> **Exercise description**:
Below are the records; give again exactly the line with "using True by (simp add: r_def)", the line with "with assms(2) have", and each line that lies between them, and nothing besides.

Supplied data START

(* For every real $u<1$ with $u\neq0$, $$\sum_{k=0}^\infty\frac{u^k}{2k+1}\left(\left(1-i\sqrt{1-u}\right)^{-2k-1}+\left(1+i\sqrt{1-u}\right)^{-2k-1}\right)=\frac{\operatorname{arctanh}\sqrt u}{\sqrt u}.$$
   Context: Here $i=\sqrt{-1}$ and $\sqrt{1-u}>0$. The right-hand side is the even function $\frac{\operatorname{arctanh}\sqrt u}{\sqrt u}=\sum_{k\ge0}\frac{u^k}{2k+1}$; for $0<u<1$ it is the real value with $\sqrt u>0$, and for $u<0$ it equals $\frac{\arctan\sqrt{|u|}}{\sqrt{|u|}}$. *)

theory Defs
  imports Complex_Main
begin

text \<open>Right-hand side: the real-valued function artanh(sqrt u)/sqrt u, read as
  arctan(sqrt |u|)/sqrt |u| for u < 0 (value 1 at u = 0, unused).\<close>
definition artanh_ratio :: "real \<Rightarrow> real" where
  "artanh_ratio u =
     (if u > 0 then artanh (sqrt u) / sqrt u
      else if u < 0 then arctan (sqrt (- u)) / sqrt (- u)
      else 1)"

end

theory Submission
  imports Defs "HOL-Analysis.Analysis"
begin

text \<open>Put \<open>v\<^sup>2 = -u\<close>, \<open>a = 1 - \<i> \<surd>(1 - u)\<close>, \<open>b = 1 + \<i> \<surd>(1 - u)\<close>. The \<open>k\<close>-th term is
  \<open>(-1)\<^sup>k / (2k + 1) ((v/a)\<^bsup>2k+1\<^esup> + (v/b)\<^bsup>2k+1\<^esup>) / v\<close>, and \<open>|v| < |a| = |b|\<close>, so by the
  Taylor series of the arctangent the series sums to \<open>(Arctan (v/a) + Arctan (v/b)) / v\<close>.
  Since \<open>a + b = 2 = a b - v\<^sup>2\<close>, the addition formula
  \<open>Arctan x + Arctan y = Arctan ((x + y) / (1 - x y))\<close> collapses the numerator to \<open>Arctan v\<close>.
  Choosing \<open>v = \<surd>(-u)\<close> for \<open>u < 0\<close> and \<open>v = \<i> \<surd>u\<close> for \<open>u > 0\<close> turns \<open>Arctan v / v\<close>
  into \<open>arctan \<surd>|u| / \<surd>|u|\<close> and \<open>artanh \<surd>u / \<surd>u\<close> respectively.\<close>

lemma Arctan_add:
  fixes x y :: complex
  assumes x: "norm x < 1" and y: "norm y < 1"
  shows "Arctan x + Arctan y = Arctan ((x + y) / (1 - x * y))"
proof -
  let ?m = "\<lambda>z. (1 - \<i> * z) / (1 + \<i> * z)"
  have "norm (x * y) < 1"
    using mult_strict_mono'[OF x y] by (simp add: norm_mult)
  then have nxy: "1 - x * y \<noteq> 0" by auto
  have pos_x: "0 < Re (?m x)" and pos_y: "0 < Re (?m y)"
    using x y by (simp_all add: Re_complex_div_lemma)
  have "1 - \<i> * ((x + y) / (1 - x * y)) = (1 - \<i> * x) * (1 - \<i> * y) / (1 - x * y)"
    and "1 + \<i> * ((x + y) / (1 - x * y)) = (1 + \<i> * x) * (1 + \<i> * y) / (1 - x * y)"
    using nxy by (simp_all add: field_simps)
  then have "?m x * ?m y = ?m ((x + y) / (1 - x * y))"
    using nxy by simp
  moreover have "Ln (?m x * ?m y) = Ln (?m x) + Ln (?m y)"
    using Re_Ln_pos_lt_imp[OF pos_x] Re_Ln_pos_lt_imp[OF pos_y] pos_x pos_y
    by (intro Ln_times_simple) auto
  ultimately show ?thesis
    by (simp add: Arctan_def distrib_left)
qed

lemma Arctan_div_series:
  fixes v a :: complex
  assumes "v \<noteq> 0" and "norm v < norm a"
  shows "(\<lambda>k. (- v\<^sup>2) ^ k / of_nat (2 * k + 1) * inverse (a ^ (2 * k + 1))) sums (Arctan (v / a) / v)"
proof -
  have "norm (v / a) < 1"
    using assms by (simp add: norm_divide divide_less_eq)
  then have "(\<lambda>k. (-1) ^ k / of_nat (2 * k + 1) * (v / a) ^ (2 * k + 1) / v) sums (Arctan (v / a) / v)"
    by (intro sums_divide Arctan_series(2))
  moreover have "(-1) ^ k / of_nat (2 * k + 1) * (v / a) ^ (2 * k + 1) / v
      = (- v\<^sup>2) ^ k / of_nat (2 * k + 1) * inverse (a ^ (2 * k + 1))" for k
  proof -
    have "(v / a) ^ (2 * k + 1) = v * ((v\<^sup>2) ^ k * inverse (a ^ (2 * k + 1)))"
      unfolding power_divide power_add power_mult by (simp add: divide_inverse)
    then have "(v / a) ^ (2 * k + 1) / v = (v\<^sup>2) ^ k * inverse (a ^ (2 * k + 1))"
      using \<open>v \<noteq> 0\<close> by simp
    moreover have "(- v\<^sup>2) ^ k = (-1) ^ k * (v\<^sup>2) ^ k"
      by (metis mult_minus1 power_mult_distrib)
    ultimately show ?thesis
      by (simp only: times_divide_eq_right[symmetric]) (simp add: divide_inverse mult_ac)
  qed
  ultimately show ?thesis by simp
qed

lemma Arctan_div_series_conjugate_pair:
  fixes v c :: complex
  assumes "v \<noteq> 0" and "v\<^sup>2 = c\<^sup>2 - 1"
    and "norm v < norm (1 - \<i> * c)" and "norm v < norm (1 + \<i> * c)"
  shows "(\<lambda>k. (- v\<^sup>2) ^ k / of_nat (2 * k + 1) *
            (inverse ((1 - \<i> * c) ^ (2 * k + 1)) + inverse ((1 + \<i> * c) ^ (2 * k + 1))))
         sums (Arctan v / v)"
proof -
  define a b where "a = 1 - \<i> * c" and "b = 1 + \<i> * c"
  have "a \<noteq> 0" "b \<noteq> 0"
    using assms(3,4) by (auto simp: a_def b_def)
  have "a * b - v\<^sup>2 = 2"
    using assms(2) by (simp add: a_def b_def algebra_simps power2_eq_square)
  moreover have "1 - v / a * (v / b) = (a * b - v\<^sup>2) / (a * b)"
    using \<open>a \<noteq> 0\<close> \<open>b \<noteq> 0\<close> by (simp add: field_simps power2_eq_square)
  moreover have "v / a + v / b = v * (a + b) / (a * b)"
    using \<open>a \<noteq> 0\<close> \<open>b \<noteq> 0\<close> by (simp add: field_simps)
  moreover have "a + b = 2"
    by (simp add: a_def b_def)
  ultimately have "(v / a + v / b) / (1 - v / a * (v / b)) = v"
    using \<open>a \<noteq> 0\<close> \<open>b \<noteq> 0\<close> by simp
  then have "Arctan (v / a) + Arctan (v / b) = Arctan v"
    using assms(1,3,4) by (simp add: Arctan_add norm_divide divide_less_eq a_def b_def)
  moreover have "(\<lambda>k. (- v\<^sup>2) ^ k / of_nat (2 * k + 1) * inverse (a ^ (2 * k + 1))
                   + (- v\<^sup>2) ^ k / of_nat (2 * k + 1) * inverse (b ^ (2 * k + 1)))
      sums (Arctan (v / a) / v + Arctan (v / b) / v)"
    using assms(1,3,4) by (intro sums_add Arctan_div_series) (simp_all add: a_def b_def)
  ultimately have "(\<lambda>k. (- v\<^sup>2) ^ k / of_nat (2 * k + 1) *
      (inverse (a ^ (2 * k + 1)) + inverse (b ^ (2 * k + 1)))) sums (Arctan v / v)"
    by (simp only: distrib_left flip: add_divide_distrib)
  then show ?thesis
    by (simp only: a_def b_def)
qed

lemma Arctan_i_times_of_real:
  fixes r :: real
  assumes "\<bar>r\<bar> < 1"
  shows "Arctan (\<i> * of_real r) = \<i> * of_real (artanh r)"
proof -
  have "(1 - \<i> * (\<i> * of_real r)) / (1 + \<i> * (\<i> * of_real r)) = of_real ((1 + r) / (1 - r))"
    by simp
  moreover have "Ln (of_real ((1 + r) / (1 - r))) = of_real (ln ((1 + r) / (1 - r)))"
    using assms by (intro Ln_of_real) simp
  ultimately show ?thesis
    by (simp add: Arctan_def artanh_def)
qed

lemma norm_one_plus_minus_i_times_of_real:
  fixes t :: real
  shows "norm (1 - \<i> * of_real t) = sqrt (1 + t\<^sup>2)" and "norm (1 + \<i> * of_real t) = sqrt (1 + t\<^sup>2)"
  by (simp_all add: cmod_def)

lemma Arctan_div_series_sqrt_one_minus:
  fixes u :: real and v :: complex
  assumes "u < 1" and "v \<noteq> 0" and "v\<^sup>2 = - of_real u"
  shows "(\<lambda>k::nat. complex_of_real (u ^ k / (2 * real k + 1)) *
            (inverse ((1 - \<i> * complex_of_real (sqrt (1 - u))) ^ (2 * k + 1)) +
             inverse ((1 + \<i> * complex_of_real (sqrt (1 - u))) ^ (2 * k + 1))))
         sums (Arctan v / v)"
proof -
  define c where "c = complex_of_real (sqrt (1 - u))"
  have "v\<^sup>2 = c\<^sup>2 - 1"
    using assms by (simp add: c_def flip: of_real_power)
  have "(norm v)\<^sup>2 = \<bar>u\<bar>"
    using assms(3) by (metis norm_minus_cancel norm_of_real norm_power)
  then have "norm v < sqrt (2 - u)"
    using assms(1) by (intro real_less_rsqrt) simp
  moreover have "norm (1 - \<i> * c) = sqrt (2 - u)" and "norm (1 + \<i> * c) = sqrt (2 - u)"
    using assms(1) by (simp_all add: c_def norm_one_plus_minus_i_times_of_real)
  moreover have "complex_of_real (u ^ k / (2 * real k + 1)) = (- v\<^sup>2) ^ k / of_nat (2 * k + 1)" for k
    using assms(3) by simp
  ultimately show ?thesis
    using Arctan_div_series_conjugate_pair[OF assms(2) \<open>v\<^sup>2 = c\<^sup>2 - 1\<close>] by (simp add: c_def)
qed

theorem lemma5p1:
  fixes u :: real
  assumes "u < 1" and "u \<noteq> 0"
  shows "(\<lambda>k::nat. complex_of_real (u ^ k / (2 * real k + 1)) *
            (inverse ((1 - \<i> * complex_of_real (sqrt (1 - u))) ^ (2 * k + 1)) +
             inverse ((1 + \<i> * complex_of_real (sqrt (1 - u))) ^ (2 * k + 1))))
         sums complex_of_real (artanh_ratio u)"
proof (cases "u < 0")
  case True
  define r where "r = sqrt (- u)"
  have "0 < r"
    using True by (simp add: r_def)
  moreover have "(of_real r)\<^sup>2 = - complex_of_real u"
    using True by (simp add: r_def flip: of_real_power)
  moreover have "Arctan (of_real r) / of_real r = complex_of_real (artanh_ratio u)"
    using True by (simp add: artanh_ratio_def Arctan_of_real r_def)
  ultimately show ?thesis
    using Arctan_div_series_sqrt_one_minus[OF assms(1), of "of_real r"] by simp
next
  case False
  with assms(2) have "0 < u"
    by simp
  define r where "r = sqrt u"
  have "0 < r" and "r < 1"
    using \<open>0 < u\<close> assms(1) by (simp_all add: r_def)
  moreover have "(\<i> * of_real r)\<^sup>2 = - complex_of_real u"
    using \<open>0 < u\<close> by (simp add: r_def power_mult_distrib flip: of_real_power)
  moreover have "Arctan (\<i> * of_real r) / (\<i> * of_real r) = complex_of_real (artanh_ratio u)"
    using \<open>0 < u\<close> \<open>r < 1\<close> by (simp add: Arctan_i_times_of_real artanh_ratio_def r_def)
  ultimately show ?thesis
    using Arctan_div_series_sqrt_one_minus[OF assms(1), of "\<i> * of_real r"] by simp
qed

end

Supplied data END

> **Exercise answer**:
    using True by (simp add: r_def)
  moreover have "(of_real r)\<^sup>2 = - complex_of_real u"
    using True by (simp add: r_def flip: of_real_power)
  moreover have "Arctan (of_real r) / of_real r = complex_of_real (artanh_ratio u)"
    using True by (simp add: artanh_ratio_def Arctan_of_real r_def)
  ultimately show ?thesis
    using Arctan_div_series_sqrt_one_minus[OF assms(1), of "of_real r"] by simp
next
  case False
  with assms(2) have "0 < u"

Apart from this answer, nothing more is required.